Your assignment:
Check every line below for the word "fact" and copy the ones that have it.

··········

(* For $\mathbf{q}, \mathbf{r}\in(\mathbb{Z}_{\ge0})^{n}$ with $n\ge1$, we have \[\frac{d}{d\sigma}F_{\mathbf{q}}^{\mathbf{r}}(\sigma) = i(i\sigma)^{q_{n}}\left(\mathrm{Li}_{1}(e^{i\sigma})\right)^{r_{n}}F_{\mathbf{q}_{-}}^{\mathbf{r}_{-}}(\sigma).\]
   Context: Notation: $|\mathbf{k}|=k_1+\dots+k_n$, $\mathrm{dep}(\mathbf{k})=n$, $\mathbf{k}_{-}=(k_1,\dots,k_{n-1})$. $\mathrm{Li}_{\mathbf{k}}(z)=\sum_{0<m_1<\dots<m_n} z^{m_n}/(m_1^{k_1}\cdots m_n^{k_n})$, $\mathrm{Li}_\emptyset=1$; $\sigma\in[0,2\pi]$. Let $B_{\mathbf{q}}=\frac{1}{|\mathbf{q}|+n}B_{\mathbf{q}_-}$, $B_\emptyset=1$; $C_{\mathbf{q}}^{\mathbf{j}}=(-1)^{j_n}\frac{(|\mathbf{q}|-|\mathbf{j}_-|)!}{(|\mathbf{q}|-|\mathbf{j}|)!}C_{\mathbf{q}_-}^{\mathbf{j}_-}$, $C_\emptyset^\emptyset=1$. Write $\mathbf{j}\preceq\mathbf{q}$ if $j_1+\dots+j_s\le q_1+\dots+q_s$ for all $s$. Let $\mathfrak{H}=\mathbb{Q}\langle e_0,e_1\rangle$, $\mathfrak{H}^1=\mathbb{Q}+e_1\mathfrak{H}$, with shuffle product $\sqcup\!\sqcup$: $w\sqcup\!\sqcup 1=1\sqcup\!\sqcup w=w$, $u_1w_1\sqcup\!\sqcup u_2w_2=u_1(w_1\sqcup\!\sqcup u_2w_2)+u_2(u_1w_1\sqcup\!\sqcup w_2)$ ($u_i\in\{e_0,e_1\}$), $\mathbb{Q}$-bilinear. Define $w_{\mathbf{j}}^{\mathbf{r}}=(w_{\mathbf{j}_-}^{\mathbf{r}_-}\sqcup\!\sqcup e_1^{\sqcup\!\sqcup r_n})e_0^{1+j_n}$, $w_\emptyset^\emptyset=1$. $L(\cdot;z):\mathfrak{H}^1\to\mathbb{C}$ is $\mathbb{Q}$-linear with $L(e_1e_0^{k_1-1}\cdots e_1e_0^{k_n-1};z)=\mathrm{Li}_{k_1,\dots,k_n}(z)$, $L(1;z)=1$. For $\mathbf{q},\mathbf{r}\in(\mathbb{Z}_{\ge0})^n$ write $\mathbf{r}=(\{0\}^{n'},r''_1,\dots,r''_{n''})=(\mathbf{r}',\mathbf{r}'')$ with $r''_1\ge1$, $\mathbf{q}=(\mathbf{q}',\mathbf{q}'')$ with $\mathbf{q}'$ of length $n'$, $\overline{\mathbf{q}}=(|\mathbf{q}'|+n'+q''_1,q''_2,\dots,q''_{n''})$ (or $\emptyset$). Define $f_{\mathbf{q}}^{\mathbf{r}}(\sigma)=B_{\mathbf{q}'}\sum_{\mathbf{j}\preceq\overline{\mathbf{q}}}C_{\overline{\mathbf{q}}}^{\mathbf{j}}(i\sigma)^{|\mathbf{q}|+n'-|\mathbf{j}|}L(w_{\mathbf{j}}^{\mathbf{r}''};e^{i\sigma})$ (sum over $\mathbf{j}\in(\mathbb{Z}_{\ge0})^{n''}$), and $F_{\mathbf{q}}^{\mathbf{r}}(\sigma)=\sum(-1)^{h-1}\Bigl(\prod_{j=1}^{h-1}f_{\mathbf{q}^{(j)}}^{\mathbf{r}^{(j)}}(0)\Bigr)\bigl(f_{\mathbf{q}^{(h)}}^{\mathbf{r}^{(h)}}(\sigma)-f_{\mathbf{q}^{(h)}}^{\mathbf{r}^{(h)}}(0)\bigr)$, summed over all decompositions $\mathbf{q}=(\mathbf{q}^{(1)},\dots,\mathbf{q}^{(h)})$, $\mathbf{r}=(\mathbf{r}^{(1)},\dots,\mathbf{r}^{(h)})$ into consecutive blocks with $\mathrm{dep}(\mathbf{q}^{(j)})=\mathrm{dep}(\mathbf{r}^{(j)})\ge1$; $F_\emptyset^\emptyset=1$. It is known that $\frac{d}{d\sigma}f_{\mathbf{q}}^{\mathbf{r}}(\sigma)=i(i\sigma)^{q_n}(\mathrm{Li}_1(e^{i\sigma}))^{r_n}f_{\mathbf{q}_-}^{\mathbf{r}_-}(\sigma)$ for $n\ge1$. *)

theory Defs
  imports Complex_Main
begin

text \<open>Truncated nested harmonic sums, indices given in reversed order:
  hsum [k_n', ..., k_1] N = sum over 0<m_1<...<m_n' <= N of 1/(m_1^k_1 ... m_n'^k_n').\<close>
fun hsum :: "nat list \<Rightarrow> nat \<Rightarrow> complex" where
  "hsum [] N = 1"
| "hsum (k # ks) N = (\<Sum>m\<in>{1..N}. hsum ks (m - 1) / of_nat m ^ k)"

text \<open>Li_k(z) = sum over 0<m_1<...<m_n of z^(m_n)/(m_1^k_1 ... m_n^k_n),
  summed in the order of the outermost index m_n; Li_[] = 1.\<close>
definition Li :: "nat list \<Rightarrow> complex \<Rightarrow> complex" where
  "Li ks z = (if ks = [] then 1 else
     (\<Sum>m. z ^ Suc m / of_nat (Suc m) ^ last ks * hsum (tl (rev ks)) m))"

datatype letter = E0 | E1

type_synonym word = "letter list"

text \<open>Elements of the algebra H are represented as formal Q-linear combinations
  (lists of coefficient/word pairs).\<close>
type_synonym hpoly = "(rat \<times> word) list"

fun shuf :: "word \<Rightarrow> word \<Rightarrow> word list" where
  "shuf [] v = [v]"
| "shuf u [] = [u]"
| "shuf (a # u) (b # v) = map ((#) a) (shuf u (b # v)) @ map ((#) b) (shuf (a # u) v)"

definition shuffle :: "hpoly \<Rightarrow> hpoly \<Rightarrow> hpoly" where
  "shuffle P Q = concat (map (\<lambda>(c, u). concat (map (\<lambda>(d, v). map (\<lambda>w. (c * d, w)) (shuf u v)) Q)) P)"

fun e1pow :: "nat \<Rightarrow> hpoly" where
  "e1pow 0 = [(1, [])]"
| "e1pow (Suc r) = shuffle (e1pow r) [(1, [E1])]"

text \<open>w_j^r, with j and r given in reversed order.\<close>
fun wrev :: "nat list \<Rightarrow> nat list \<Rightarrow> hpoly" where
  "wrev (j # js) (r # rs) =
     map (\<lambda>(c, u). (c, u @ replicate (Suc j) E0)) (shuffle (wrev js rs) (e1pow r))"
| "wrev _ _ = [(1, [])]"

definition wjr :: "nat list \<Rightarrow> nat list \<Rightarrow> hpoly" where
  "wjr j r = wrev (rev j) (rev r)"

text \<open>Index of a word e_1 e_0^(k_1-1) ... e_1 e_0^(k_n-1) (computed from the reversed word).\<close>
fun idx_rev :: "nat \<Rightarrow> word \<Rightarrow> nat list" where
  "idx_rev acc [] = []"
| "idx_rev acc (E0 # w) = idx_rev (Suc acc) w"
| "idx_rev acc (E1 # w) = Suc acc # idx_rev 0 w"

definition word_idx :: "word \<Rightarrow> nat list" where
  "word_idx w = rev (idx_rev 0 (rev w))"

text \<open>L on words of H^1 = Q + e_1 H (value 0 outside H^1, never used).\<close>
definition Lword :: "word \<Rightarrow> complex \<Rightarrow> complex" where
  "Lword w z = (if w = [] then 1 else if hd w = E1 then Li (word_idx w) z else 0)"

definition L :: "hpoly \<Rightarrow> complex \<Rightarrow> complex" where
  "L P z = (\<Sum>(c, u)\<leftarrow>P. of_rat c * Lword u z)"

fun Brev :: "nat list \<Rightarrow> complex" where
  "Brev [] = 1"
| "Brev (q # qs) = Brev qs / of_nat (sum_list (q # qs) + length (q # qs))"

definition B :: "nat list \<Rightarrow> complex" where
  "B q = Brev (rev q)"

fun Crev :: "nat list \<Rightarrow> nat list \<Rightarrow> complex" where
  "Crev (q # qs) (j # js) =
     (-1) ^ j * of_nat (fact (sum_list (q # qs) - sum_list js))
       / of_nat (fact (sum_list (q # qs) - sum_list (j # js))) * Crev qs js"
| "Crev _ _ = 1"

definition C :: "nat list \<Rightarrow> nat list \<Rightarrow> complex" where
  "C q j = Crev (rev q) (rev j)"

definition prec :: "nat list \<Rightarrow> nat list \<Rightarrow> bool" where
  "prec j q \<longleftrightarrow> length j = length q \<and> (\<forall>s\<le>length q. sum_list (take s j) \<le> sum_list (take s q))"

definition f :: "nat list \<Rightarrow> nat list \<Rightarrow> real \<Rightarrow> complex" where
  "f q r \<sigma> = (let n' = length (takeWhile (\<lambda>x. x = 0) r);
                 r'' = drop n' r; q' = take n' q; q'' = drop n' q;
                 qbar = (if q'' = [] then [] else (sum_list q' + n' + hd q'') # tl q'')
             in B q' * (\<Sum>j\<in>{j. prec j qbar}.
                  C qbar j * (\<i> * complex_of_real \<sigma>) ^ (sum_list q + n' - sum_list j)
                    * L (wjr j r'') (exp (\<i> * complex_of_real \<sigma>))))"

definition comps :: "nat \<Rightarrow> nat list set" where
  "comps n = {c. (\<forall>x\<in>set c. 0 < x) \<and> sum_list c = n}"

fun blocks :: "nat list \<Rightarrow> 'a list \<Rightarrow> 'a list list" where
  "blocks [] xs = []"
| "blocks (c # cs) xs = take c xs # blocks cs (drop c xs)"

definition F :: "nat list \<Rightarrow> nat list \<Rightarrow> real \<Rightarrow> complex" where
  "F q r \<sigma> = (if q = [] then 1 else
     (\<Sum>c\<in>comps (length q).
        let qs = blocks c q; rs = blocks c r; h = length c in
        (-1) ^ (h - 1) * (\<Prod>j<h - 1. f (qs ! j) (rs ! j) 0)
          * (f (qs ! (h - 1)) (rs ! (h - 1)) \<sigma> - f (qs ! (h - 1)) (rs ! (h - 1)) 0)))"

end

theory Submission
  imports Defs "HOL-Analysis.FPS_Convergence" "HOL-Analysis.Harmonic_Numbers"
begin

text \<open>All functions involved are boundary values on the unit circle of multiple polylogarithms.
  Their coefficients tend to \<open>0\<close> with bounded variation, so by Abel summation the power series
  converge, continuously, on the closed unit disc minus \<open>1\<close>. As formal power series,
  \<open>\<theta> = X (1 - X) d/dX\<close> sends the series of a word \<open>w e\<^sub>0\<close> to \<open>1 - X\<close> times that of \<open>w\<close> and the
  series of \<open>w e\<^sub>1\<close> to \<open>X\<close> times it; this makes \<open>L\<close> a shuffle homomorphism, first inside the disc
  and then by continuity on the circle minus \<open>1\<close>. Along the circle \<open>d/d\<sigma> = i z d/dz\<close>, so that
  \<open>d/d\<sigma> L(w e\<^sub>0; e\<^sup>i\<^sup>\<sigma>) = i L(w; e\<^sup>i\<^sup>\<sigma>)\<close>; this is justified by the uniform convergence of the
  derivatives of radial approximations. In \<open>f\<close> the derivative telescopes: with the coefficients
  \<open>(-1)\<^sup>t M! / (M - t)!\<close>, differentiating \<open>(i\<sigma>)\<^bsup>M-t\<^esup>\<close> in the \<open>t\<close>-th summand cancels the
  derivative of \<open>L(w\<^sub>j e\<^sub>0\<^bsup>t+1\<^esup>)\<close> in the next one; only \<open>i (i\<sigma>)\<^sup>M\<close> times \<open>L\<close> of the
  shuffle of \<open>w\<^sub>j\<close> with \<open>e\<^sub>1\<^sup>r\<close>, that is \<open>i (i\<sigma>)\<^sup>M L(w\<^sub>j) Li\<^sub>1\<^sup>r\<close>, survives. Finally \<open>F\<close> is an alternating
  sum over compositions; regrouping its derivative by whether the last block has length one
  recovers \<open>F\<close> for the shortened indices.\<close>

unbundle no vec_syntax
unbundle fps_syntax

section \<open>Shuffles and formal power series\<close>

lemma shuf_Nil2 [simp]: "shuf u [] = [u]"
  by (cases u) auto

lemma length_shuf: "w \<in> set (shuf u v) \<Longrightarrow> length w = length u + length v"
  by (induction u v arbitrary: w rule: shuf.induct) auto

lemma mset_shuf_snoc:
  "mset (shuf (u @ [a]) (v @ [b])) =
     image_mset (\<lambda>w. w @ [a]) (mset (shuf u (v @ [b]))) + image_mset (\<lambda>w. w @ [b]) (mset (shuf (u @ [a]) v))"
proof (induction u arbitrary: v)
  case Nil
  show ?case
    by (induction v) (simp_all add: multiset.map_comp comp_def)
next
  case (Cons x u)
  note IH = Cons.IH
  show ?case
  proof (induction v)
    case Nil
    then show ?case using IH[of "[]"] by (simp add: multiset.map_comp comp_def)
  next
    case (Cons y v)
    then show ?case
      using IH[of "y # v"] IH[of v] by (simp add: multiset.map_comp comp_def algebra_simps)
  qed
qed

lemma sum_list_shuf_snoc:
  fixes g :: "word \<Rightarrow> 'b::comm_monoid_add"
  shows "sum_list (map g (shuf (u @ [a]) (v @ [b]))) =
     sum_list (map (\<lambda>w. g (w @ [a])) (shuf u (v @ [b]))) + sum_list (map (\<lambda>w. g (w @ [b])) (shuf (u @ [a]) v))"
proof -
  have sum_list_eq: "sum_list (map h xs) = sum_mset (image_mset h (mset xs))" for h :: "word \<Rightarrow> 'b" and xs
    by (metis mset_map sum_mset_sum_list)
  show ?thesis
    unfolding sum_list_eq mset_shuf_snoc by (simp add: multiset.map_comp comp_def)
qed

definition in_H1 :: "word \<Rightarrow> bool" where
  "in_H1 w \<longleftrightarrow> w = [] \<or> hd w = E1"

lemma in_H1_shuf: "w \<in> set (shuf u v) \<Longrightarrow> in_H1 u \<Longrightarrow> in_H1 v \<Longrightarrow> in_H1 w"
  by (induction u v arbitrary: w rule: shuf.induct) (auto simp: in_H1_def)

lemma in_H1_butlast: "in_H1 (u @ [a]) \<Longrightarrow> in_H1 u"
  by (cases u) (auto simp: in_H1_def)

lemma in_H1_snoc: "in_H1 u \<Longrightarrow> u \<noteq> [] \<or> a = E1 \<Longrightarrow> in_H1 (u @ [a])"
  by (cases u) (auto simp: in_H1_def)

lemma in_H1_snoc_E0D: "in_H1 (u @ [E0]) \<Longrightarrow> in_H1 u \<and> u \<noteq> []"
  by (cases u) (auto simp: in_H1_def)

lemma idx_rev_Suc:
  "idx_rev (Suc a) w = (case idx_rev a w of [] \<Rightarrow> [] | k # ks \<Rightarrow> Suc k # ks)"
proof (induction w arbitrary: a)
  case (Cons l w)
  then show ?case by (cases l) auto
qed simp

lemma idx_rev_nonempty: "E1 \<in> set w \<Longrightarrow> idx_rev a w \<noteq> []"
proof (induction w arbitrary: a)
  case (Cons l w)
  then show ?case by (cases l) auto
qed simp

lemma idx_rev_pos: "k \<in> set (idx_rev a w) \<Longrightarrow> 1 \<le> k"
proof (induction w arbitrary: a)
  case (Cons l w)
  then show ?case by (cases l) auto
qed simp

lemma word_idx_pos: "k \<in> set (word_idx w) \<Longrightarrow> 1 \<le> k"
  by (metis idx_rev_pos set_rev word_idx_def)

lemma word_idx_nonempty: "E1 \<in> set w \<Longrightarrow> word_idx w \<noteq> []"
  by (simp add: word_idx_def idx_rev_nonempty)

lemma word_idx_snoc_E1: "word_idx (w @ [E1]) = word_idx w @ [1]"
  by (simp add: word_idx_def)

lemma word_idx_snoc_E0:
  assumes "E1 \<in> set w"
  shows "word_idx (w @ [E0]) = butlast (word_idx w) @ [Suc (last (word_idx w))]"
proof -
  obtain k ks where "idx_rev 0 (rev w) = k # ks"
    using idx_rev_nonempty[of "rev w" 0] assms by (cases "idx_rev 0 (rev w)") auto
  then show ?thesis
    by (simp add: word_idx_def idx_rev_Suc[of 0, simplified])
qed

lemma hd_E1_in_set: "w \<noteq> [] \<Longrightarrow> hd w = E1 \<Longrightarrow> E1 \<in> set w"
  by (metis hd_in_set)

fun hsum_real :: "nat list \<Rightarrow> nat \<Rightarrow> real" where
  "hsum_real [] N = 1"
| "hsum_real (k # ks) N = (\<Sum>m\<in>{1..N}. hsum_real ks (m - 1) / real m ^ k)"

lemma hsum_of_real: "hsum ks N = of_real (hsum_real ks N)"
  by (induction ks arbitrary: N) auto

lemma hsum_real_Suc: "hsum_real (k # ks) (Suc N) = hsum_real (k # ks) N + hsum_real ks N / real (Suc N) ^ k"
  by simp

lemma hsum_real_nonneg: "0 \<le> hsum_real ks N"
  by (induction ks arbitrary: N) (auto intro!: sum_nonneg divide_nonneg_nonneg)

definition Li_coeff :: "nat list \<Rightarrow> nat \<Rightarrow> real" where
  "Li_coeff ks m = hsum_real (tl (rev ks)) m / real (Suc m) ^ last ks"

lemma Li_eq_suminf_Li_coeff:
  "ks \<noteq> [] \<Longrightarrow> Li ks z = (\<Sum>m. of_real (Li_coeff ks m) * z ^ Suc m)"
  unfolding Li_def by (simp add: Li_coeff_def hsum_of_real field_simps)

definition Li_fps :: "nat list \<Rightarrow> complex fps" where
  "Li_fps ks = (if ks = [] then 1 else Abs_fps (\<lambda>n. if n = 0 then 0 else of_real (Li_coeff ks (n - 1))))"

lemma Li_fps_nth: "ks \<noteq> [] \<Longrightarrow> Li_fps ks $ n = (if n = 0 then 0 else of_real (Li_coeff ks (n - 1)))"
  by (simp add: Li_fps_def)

··········

Output of the task:
     (-1) ^ j * of_nat (fact (sum_list (q # qs) - sum_list js))
       / of_nat (fact (sum_list (q # qs) - sum_list (j # js))) * Crev qs js"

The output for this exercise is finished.